• **Task item**:
Among the entries that follow, the required portion opens with the line containing "using that fin" and closes with the line containing "by (rule not_fin_gen_maximal_ideal_cover[OF". Give that portion again exactly, and nothing else.

• **Provided data**:
- - -
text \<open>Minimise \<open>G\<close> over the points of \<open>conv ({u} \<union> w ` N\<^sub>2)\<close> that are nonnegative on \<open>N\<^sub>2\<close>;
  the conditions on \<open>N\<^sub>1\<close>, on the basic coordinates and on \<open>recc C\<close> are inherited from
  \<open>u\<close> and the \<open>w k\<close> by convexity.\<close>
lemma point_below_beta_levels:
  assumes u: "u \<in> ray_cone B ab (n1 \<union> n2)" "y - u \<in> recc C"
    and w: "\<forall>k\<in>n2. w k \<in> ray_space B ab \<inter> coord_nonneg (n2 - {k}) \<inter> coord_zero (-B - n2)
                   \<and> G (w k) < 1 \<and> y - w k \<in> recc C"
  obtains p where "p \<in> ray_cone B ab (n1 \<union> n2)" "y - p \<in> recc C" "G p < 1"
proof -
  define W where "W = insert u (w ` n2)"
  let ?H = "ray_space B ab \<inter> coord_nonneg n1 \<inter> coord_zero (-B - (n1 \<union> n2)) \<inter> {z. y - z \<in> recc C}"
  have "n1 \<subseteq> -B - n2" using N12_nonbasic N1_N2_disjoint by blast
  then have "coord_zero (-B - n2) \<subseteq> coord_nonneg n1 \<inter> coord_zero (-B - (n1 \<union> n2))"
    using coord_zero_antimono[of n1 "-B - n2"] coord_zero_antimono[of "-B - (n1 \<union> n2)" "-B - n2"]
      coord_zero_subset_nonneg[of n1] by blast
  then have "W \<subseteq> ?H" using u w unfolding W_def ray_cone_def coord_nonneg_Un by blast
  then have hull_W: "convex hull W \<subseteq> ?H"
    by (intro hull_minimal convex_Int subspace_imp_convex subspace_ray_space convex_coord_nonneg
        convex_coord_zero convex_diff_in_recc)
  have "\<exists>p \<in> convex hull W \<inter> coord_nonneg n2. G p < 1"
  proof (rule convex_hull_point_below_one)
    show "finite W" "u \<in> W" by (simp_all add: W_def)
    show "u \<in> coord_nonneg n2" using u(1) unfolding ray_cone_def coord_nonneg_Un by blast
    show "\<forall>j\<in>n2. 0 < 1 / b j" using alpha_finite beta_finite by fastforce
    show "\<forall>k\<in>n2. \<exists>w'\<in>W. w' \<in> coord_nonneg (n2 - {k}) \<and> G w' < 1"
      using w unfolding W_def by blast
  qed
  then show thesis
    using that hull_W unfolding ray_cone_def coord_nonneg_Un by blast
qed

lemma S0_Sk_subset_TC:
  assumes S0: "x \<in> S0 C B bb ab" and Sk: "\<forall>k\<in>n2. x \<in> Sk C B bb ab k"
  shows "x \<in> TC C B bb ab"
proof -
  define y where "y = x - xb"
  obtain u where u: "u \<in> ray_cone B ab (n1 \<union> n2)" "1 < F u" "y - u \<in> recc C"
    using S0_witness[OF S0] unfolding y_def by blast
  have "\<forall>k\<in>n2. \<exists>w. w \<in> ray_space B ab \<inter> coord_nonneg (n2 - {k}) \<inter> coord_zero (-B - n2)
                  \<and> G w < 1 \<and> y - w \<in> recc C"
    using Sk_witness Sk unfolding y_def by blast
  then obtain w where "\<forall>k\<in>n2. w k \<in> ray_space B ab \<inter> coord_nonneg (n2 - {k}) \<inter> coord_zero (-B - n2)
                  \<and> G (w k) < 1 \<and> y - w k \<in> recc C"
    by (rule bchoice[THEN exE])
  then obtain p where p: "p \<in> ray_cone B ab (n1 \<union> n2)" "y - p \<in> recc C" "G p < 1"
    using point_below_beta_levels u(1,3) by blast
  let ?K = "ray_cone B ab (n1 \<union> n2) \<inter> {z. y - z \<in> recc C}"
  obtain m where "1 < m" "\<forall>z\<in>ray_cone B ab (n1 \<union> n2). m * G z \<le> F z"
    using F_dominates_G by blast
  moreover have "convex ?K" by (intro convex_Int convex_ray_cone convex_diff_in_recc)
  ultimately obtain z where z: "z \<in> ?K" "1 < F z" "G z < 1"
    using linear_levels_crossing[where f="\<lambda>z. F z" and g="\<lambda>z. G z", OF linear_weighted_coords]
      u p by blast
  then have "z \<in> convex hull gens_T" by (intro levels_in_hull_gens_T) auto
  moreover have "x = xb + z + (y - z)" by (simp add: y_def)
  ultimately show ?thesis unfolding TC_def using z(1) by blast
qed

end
- - -
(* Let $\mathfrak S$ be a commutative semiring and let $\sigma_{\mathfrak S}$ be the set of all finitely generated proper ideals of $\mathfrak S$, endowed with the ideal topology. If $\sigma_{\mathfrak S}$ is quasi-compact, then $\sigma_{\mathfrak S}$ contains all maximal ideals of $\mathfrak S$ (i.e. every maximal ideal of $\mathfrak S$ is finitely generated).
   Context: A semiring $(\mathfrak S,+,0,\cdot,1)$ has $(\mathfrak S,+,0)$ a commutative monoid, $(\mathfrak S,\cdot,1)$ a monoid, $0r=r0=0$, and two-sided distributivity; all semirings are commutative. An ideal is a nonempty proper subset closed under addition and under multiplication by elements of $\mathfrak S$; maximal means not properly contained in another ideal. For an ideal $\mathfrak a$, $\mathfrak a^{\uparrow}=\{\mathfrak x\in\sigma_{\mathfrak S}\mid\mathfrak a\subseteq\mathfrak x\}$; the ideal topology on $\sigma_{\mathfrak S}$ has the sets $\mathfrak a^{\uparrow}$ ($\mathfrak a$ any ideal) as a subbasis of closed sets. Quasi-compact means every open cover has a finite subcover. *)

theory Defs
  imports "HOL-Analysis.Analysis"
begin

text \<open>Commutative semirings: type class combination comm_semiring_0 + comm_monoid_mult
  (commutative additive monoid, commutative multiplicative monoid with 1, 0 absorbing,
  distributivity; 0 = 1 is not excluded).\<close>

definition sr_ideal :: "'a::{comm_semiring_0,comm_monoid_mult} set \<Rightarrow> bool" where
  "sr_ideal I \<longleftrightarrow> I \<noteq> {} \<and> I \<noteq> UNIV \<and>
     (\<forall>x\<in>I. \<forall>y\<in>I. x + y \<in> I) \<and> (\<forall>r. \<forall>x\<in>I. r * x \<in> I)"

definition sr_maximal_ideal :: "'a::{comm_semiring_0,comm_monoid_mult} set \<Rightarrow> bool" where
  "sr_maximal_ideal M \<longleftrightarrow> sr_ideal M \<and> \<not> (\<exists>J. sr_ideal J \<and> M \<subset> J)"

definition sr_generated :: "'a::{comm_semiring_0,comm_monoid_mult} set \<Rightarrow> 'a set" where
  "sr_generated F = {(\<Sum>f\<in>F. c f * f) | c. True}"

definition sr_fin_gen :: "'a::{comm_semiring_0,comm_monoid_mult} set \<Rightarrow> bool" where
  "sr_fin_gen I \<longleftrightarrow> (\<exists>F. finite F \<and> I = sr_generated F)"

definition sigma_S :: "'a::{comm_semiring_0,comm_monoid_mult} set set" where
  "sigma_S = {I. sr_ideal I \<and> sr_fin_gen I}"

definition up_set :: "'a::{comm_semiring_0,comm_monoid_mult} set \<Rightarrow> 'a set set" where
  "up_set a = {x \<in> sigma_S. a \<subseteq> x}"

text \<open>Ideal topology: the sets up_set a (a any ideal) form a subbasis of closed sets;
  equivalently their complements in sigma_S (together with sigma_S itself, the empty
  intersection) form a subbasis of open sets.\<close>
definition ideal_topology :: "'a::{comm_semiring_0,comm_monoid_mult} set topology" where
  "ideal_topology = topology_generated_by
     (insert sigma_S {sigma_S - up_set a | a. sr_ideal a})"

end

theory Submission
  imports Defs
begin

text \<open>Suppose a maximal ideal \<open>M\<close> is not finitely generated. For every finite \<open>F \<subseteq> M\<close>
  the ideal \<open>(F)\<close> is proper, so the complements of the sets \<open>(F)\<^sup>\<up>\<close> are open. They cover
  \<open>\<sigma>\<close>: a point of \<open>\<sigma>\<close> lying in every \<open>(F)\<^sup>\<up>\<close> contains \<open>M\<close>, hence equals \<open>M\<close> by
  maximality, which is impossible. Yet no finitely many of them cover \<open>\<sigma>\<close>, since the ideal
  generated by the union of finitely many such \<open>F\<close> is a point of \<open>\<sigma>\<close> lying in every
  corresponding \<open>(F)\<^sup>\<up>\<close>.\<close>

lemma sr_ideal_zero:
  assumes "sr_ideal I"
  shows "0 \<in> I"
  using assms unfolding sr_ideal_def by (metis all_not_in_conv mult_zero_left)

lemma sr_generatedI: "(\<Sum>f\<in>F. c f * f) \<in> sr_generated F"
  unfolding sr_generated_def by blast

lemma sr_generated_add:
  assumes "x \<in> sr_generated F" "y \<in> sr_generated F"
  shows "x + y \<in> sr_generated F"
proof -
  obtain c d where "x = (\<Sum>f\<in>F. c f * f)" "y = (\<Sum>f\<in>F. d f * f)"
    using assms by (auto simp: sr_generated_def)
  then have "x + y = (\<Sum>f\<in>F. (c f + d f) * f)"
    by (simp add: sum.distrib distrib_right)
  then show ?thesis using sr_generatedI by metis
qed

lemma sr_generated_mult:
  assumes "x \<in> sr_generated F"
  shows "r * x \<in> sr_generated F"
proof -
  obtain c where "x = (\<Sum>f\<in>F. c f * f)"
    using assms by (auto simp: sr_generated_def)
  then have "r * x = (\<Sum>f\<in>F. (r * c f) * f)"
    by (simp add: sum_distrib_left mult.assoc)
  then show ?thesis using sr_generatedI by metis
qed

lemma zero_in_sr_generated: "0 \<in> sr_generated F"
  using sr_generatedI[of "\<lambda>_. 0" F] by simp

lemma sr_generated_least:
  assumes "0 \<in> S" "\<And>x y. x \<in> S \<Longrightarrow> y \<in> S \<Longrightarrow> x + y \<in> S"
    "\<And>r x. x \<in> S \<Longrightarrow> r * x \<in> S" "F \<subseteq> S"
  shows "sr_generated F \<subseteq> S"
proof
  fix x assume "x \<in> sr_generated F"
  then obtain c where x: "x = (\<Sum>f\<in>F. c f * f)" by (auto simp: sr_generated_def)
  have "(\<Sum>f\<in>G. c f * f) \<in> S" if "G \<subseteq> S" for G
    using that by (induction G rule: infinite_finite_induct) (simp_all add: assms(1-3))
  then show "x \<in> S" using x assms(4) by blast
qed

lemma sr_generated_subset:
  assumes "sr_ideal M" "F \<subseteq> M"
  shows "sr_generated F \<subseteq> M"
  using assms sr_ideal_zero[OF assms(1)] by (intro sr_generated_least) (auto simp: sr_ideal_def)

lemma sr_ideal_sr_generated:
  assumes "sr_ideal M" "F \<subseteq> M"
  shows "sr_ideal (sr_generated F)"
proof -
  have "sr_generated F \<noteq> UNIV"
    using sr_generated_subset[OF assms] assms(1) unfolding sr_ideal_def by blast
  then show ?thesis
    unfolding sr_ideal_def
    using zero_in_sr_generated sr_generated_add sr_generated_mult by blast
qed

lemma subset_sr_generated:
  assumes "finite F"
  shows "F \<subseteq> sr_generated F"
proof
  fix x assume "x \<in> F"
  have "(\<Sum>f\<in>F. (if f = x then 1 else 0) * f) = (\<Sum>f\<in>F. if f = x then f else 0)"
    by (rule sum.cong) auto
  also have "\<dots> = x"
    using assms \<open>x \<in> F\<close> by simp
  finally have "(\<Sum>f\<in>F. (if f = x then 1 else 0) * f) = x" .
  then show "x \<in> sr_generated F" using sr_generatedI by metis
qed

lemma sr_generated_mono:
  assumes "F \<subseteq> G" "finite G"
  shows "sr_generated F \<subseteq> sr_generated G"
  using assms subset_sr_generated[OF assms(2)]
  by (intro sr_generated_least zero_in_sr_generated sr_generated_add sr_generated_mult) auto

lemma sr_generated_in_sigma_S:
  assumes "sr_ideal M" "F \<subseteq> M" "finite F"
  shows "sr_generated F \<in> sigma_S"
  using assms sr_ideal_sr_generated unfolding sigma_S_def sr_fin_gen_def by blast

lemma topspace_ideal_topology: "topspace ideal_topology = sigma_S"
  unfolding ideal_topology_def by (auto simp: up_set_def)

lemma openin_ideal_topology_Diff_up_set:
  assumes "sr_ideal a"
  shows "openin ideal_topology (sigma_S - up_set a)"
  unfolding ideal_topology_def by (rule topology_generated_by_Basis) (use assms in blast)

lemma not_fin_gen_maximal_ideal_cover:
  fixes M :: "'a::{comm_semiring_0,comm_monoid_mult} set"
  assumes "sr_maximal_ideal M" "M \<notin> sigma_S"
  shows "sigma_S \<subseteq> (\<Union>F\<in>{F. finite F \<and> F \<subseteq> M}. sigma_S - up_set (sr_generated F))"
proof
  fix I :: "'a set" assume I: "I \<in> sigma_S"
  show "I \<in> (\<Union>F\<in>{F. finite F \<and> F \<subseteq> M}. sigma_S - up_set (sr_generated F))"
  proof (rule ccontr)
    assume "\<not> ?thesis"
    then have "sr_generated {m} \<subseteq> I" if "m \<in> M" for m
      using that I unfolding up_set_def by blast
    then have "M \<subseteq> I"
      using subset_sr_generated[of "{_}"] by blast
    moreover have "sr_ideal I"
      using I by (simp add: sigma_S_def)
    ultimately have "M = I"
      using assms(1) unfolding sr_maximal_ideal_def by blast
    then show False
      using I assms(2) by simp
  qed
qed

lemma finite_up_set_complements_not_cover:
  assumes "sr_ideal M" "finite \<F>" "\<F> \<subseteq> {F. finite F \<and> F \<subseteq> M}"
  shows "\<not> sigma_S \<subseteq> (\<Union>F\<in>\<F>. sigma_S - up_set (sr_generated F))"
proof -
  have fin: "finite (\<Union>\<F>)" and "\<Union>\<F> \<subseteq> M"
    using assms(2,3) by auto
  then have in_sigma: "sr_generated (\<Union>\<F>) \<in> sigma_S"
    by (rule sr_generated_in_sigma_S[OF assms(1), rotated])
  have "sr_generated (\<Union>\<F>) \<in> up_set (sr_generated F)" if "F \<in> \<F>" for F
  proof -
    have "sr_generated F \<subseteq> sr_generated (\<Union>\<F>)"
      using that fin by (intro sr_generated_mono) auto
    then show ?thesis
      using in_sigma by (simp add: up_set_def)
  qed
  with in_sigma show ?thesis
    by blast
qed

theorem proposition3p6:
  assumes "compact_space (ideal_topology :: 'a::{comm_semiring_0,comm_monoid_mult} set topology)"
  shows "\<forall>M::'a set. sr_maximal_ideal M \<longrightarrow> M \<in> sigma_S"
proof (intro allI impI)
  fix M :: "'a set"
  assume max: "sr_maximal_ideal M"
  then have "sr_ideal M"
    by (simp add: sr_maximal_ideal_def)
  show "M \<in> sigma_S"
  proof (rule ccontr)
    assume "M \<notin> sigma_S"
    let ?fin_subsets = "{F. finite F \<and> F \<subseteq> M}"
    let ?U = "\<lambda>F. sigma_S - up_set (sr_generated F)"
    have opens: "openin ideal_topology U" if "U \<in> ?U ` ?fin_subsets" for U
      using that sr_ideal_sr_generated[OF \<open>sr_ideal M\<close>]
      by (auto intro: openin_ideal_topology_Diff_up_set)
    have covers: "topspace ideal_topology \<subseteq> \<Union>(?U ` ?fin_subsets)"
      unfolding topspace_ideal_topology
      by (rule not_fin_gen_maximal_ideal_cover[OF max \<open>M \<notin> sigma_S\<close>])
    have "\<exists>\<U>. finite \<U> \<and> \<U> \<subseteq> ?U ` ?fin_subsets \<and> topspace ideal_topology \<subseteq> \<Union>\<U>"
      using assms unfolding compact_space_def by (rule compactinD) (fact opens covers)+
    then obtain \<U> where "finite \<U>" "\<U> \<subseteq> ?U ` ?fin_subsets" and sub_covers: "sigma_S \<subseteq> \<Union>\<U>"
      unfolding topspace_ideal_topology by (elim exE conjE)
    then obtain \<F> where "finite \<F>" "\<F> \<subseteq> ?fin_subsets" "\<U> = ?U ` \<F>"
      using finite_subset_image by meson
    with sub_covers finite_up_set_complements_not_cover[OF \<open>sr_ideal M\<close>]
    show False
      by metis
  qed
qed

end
- - -
• **Answer**:
      using that fin by (intro sr_generated_mono) auto
    then show ?thesis
      using in_sigma by (simp add: up_set_def)
  qed
  with in_sigma show ?thesis
    by blast
qed

theorem proposition3p6:
  assumes "compact_space (ideal_topology :: 'a::{comm_semiring_0,comm_monoid_mult} set topology)"
  shows "\<forall>M::'a set. sr_maximal_ideal M \<longrightarrow> M \<in> sigma_S"
proof (intro allI impI)
  fix M :: "'a set"
  assume max: "sr_maximal_ideal M"
  then have "sr_ideal M"
    by (simp add: sr_maximal_ideal_def)
  show "M \<in> sigma_S"
  proof (rule ccontr)
    assume "M \<notin> sigma_S"
    let ?fin_subsets = "{F. finite F \<and> F \<subseteq> M}"
    let ?U = "\<lambda>F. sigma_S - up_set (sr_generated F)"
    have opens: "openin ideal_topology U" if "U \<in> ?U ` ?fin_subsets" for U
      using that sr_ideal_sr_generated[OF \<open>sr_ideal M\<close>]
      by (auto intro: openin_ideal_topology_Diff_up_set)
    have covers: "topspace ideal_topology \<subseteq> \<Union>(?U ` ?fin_subsets)"
      unfolding topspace_ideal_topology
      by (rule not_fin_gen_maximal_ideal_cover[OF max \<open>M \<notin> sigma_S\<close>])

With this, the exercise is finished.